Work instruction = The word "thesis": in how many lines of the records does it appear? Reply with the number alone.

Dataset records =
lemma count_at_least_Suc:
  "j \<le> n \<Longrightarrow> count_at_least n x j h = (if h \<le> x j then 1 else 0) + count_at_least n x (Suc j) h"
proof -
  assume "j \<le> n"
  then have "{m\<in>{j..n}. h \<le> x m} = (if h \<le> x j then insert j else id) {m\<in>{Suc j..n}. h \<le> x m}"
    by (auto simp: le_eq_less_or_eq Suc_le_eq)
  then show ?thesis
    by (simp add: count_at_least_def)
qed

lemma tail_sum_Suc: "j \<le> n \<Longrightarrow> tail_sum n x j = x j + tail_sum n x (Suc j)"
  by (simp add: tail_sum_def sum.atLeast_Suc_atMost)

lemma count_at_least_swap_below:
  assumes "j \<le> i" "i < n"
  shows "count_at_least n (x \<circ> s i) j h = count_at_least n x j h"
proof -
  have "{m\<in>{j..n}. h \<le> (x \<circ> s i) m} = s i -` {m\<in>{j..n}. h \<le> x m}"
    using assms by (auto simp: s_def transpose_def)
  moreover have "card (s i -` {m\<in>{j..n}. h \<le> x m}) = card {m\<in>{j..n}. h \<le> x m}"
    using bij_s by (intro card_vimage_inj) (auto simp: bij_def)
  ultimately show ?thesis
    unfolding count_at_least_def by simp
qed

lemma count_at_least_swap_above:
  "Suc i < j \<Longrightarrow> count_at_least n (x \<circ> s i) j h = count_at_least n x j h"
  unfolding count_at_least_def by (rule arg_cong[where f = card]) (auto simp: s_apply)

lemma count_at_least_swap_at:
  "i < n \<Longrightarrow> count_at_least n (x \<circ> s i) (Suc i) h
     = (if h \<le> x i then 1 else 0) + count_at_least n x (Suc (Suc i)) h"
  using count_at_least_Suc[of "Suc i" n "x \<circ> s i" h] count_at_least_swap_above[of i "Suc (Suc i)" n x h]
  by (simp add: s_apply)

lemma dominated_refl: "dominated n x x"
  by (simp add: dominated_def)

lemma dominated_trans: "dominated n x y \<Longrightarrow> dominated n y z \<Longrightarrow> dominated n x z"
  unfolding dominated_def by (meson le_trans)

Response = 2